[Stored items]
******
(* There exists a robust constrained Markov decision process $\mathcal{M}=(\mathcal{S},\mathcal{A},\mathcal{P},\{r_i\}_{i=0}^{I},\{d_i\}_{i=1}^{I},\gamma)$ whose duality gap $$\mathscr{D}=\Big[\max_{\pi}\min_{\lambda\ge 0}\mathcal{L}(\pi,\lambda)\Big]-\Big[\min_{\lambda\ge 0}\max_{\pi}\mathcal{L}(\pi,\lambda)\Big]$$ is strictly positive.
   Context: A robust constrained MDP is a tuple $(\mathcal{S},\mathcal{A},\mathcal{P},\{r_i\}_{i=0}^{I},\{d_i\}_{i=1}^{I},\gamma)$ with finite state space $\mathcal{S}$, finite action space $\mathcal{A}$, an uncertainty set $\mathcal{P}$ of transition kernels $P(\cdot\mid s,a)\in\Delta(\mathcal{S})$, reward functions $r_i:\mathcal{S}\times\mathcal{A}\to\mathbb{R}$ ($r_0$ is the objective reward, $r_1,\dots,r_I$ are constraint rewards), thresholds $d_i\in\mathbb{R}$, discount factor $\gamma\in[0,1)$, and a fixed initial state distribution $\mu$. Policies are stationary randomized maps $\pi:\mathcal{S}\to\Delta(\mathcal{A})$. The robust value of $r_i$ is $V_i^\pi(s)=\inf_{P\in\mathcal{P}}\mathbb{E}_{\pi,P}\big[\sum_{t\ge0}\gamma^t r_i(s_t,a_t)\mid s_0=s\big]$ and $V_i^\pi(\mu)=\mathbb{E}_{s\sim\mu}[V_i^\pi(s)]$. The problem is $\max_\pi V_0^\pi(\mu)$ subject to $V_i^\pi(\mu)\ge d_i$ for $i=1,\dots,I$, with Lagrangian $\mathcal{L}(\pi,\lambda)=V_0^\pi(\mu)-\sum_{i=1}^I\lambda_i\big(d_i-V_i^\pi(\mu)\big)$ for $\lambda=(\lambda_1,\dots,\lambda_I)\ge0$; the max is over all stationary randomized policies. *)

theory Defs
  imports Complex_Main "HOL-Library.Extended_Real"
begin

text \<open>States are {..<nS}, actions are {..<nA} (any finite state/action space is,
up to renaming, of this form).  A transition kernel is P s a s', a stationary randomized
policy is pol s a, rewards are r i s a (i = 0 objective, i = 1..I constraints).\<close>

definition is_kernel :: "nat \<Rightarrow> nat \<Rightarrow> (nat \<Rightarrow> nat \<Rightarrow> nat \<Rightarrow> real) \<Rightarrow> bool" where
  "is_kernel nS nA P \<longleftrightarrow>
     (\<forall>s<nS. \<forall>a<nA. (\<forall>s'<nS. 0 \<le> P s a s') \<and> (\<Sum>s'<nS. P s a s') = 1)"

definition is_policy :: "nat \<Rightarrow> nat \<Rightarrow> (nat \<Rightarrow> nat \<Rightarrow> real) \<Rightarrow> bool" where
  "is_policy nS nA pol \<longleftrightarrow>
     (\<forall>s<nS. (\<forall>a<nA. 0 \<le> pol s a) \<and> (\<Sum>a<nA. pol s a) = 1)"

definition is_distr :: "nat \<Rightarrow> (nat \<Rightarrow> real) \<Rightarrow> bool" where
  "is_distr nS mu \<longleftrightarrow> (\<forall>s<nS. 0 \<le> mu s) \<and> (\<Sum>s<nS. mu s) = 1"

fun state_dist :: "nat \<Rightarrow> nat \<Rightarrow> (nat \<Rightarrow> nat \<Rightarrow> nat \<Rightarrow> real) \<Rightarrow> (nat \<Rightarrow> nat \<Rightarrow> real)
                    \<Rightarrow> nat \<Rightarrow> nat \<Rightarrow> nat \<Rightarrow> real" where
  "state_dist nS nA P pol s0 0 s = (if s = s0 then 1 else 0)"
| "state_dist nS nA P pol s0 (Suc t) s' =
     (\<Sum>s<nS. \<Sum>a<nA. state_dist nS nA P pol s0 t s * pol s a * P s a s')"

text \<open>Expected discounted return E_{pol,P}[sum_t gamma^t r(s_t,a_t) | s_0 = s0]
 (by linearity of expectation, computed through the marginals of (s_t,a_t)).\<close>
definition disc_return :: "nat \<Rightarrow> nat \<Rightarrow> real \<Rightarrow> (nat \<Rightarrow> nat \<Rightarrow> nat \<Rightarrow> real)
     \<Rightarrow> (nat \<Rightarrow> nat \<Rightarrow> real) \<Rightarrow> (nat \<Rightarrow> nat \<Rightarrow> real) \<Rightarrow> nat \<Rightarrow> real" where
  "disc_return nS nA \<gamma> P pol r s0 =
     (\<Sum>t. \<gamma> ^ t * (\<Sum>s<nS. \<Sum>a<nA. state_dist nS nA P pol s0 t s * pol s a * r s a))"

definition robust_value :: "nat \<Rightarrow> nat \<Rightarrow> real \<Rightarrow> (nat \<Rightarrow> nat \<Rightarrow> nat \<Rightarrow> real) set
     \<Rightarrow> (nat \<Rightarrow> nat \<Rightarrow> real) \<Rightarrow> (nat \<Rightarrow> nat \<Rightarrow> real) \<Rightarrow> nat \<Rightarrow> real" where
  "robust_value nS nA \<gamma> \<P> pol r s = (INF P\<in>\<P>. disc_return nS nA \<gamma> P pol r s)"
******
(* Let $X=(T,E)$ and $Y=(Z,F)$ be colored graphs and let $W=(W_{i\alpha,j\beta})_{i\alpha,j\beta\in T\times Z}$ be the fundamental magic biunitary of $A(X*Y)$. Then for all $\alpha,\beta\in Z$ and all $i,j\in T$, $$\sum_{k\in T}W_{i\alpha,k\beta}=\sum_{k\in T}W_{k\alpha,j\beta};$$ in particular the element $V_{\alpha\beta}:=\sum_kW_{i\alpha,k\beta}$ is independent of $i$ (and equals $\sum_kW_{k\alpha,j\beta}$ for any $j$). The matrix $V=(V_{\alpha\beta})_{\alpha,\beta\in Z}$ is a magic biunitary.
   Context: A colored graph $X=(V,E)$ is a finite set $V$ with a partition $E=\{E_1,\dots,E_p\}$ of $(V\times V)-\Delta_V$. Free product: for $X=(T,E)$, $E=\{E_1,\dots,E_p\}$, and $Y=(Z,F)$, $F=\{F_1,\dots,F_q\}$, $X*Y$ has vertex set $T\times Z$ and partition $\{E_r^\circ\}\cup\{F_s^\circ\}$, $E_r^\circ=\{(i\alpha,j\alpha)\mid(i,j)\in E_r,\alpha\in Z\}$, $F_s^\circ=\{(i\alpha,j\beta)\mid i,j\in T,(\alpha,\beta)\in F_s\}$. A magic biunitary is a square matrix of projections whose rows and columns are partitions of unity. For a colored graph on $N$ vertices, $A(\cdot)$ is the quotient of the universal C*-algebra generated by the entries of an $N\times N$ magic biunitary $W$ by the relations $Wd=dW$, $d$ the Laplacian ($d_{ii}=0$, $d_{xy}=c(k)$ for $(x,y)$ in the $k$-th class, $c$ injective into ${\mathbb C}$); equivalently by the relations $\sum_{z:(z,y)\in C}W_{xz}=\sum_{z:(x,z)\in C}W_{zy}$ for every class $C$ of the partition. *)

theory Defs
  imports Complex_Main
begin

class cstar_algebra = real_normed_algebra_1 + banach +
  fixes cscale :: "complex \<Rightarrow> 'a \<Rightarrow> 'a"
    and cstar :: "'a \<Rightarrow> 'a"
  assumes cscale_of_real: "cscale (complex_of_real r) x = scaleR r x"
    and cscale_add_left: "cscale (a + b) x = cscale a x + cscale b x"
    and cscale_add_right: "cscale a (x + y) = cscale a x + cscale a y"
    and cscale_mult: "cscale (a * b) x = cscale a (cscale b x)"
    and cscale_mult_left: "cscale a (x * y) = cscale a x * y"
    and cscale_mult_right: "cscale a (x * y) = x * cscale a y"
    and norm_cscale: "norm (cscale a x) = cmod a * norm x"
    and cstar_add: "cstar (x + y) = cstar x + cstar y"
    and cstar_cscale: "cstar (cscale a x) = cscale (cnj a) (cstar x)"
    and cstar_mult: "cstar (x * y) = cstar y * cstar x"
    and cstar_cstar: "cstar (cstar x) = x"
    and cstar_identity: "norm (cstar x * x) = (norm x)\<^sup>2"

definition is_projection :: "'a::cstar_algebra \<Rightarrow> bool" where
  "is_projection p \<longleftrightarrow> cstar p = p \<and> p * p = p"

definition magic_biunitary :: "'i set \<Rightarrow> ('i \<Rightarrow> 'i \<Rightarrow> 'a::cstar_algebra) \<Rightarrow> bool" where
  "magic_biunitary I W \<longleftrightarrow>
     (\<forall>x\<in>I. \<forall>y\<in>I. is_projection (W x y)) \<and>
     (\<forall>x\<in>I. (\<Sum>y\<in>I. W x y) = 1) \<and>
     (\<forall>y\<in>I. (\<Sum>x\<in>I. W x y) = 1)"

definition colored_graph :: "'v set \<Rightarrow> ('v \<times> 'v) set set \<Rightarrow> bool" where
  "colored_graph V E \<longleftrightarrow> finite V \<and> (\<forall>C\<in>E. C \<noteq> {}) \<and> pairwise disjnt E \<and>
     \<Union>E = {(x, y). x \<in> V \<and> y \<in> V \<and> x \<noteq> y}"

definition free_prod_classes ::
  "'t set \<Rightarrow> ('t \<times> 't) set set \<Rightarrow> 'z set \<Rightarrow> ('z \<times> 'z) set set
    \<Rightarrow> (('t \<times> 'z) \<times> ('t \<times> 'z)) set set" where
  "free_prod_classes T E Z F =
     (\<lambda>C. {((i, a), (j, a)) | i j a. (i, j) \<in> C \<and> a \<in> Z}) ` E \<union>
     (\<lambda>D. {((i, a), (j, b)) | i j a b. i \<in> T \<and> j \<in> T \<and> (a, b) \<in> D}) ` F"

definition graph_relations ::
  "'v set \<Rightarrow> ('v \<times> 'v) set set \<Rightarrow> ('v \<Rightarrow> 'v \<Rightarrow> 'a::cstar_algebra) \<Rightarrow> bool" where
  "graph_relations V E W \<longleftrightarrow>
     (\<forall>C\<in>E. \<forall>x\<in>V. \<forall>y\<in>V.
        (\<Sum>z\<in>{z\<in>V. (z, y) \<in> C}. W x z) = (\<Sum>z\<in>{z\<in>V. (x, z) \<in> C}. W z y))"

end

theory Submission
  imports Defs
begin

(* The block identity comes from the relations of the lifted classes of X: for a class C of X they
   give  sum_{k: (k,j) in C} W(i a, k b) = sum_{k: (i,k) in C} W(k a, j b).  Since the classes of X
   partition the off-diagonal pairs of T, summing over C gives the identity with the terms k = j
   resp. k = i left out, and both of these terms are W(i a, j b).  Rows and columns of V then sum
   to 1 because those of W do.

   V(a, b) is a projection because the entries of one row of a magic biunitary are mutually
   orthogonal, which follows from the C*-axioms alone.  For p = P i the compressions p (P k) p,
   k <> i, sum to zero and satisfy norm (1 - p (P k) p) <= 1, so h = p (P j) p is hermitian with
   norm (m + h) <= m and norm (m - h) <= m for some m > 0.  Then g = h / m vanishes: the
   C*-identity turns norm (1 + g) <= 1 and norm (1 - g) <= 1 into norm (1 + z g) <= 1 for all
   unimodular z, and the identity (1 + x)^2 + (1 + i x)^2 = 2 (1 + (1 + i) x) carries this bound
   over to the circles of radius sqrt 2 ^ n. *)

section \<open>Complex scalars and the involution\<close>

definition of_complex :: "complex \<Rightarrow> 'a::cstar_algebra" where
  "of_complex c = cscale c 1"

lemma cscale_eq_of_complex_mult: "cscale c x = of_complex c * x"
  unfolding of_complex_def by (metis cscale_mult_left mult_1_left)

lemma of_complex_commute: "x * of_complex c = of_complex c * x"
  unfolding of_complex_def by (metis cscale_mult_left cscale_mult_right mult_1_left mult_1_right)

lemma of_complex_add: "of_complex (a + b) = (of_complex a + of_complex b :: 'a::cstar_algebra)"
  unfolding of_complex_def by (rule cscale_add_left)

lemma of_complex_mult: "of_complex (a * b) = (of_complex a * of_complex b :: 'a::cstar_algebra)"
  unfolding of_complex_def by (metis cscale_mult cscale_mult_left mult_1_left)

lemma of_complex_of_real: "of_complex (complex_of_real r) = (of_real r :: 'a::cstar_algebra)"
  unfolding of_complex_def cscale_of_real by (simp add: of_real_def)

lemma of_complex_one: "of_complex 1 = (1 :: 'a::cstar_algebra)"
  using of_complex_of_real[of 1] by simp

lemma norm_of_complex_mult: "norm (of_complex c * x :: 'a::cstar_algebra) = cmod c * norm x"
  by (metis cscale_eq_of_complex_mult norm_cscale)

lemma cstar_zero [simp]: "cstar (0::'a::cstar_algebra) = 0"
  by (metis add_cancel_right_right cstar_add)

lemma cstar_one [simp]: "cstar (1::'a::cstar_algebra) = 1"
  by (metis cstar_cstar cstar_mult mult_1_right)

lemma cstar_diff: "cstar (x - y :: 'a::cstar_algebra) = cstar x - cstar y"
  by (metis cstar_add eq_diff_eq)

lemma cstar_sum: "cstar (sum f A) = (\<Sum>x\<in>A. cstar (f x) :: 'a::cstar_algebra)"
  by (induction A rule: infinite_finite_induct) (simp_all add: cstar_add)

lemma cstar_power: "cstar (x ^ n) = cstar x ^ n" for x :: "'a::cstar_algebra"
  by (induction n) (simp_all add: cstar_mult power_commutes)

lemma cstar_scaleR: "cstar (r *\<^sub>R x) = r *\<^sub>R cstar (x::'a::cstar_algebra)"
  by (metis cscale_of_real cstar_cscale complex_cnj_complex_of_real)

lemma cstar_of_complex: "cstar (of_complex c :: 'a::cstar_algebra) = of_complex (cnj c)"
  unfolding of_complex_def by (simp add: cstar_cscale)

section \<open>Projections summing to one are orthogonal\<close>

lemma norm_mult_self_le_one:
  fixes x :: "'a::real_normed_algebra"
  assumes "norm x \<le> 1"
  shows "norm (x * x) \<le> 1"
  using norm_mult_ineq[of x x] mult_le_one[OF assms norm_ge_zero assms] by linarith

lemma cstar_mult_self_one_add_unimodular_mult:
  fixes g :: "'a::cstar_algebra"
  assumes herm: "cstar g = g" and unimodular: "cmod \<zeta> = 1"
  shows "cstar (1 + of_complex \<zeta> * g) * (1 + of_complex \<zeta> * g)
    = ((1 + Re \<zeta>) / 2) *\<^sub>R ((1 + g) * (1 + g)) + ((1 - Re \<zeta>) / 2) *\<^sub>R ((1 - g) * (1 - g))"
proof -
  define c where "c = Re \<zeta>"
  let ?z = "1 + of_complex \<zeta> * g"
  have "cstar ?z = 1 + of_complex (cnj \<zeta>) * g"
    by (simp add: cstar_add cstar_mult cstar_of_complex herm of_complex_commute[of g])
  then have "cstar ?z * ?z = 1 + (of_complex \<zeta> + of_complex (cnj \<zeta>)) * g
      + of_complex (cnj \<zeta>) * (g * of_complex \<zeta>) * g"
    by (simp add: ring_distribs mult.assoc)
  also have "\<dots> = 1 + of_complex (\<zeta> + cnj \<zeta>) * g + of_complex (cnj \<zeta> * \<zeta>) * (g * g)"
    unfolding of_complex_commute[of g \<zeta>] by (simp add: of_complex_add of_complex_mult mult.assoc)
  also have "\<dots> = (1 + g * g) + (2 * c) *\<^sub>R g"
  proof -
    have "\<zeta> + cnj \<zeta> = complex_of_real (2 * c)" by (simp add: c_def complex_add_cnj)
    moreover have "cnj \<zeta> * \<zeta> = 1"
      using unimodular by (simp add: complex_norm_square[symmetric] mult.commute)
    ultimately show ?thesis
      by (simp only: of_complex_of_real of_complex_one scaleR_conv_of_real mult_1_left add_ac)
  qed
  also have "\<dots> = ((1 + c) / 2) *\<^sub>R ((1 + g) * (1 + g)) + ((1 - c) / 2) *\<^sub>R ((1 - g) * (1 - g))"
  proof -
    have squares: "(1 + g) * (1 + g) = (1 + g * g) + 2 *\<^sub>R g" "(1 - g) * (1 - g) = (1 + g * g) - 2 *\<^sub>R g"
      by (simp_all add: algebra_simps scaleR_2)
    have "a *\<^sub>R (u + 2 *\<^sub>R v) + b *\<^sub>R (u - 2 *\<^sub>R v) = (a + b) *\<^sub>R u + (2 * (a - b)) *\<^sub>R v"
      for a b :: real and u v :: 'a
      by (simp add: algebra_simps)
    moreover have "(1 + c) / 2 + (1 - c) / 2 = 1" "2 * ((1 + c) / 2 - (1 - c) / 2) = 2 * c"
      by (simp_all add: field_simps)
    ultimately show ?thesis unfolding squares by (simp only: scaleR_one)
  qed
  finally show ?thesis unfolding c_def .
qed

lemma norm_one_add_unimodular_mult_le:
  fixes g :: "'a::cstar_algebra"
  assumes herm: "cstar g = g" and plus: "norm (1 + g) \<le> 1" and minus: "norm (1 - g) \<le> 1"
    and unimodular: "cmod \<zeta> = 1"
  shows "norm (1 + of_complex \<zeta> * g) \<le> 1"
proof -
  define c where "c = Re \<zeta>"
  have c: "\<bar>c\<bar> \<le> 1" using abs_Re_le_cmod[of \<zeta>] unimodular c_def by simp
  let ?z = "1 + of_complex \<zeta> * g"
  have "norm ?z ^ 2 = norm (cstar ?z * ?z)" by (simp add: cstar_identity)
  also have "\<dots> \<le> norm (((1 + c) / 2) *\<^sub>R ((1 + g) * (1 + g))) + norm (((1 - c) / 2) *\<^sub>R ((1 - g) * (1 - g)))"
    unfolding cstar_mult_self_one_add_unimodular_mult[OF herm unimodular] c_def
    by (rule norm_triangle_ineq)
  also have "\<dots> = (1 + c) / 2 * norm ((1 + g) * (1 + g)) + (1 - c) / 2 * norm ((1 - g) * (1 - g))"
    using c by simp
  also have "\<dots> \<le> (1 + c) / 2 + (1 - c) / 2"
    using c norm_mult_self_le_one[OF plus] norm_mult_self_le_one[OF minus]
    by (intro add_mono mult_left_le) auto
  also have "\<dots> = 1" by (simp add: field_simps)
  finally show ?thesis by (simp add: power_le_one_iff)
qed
******
Problem details: Copy word for word the stretch of entries above from the line that has "cscale_mult_right mult_1_left mult_1_right)" through the line that has "r) = (of_real", both ends included, and nothing outside it.

Solution to the problem:
  unfolding of_complex_def by (metis cscale_mult_left cscale_mult_right mult_1_left mult_1_right)

lemma of_complex_add: "of_complex (a + b) = (of_complex a + of_complex b :: 'a::cstar_algebra)"
  unfolding of_complex_def by (rule cscale_add_left)

lemma of_complex_mult: "of_complex (a * b) = (of_complex a * of_complex b :: 'a::cstar_algebra)"
  unfolding of_complex_def by (metis cscale_mult cscale_mult_left mult_1_left)

lemma of_complex_of_real: "of_complex (complex_of_real r) = (of_real r :: 'a::cstar_algebra)"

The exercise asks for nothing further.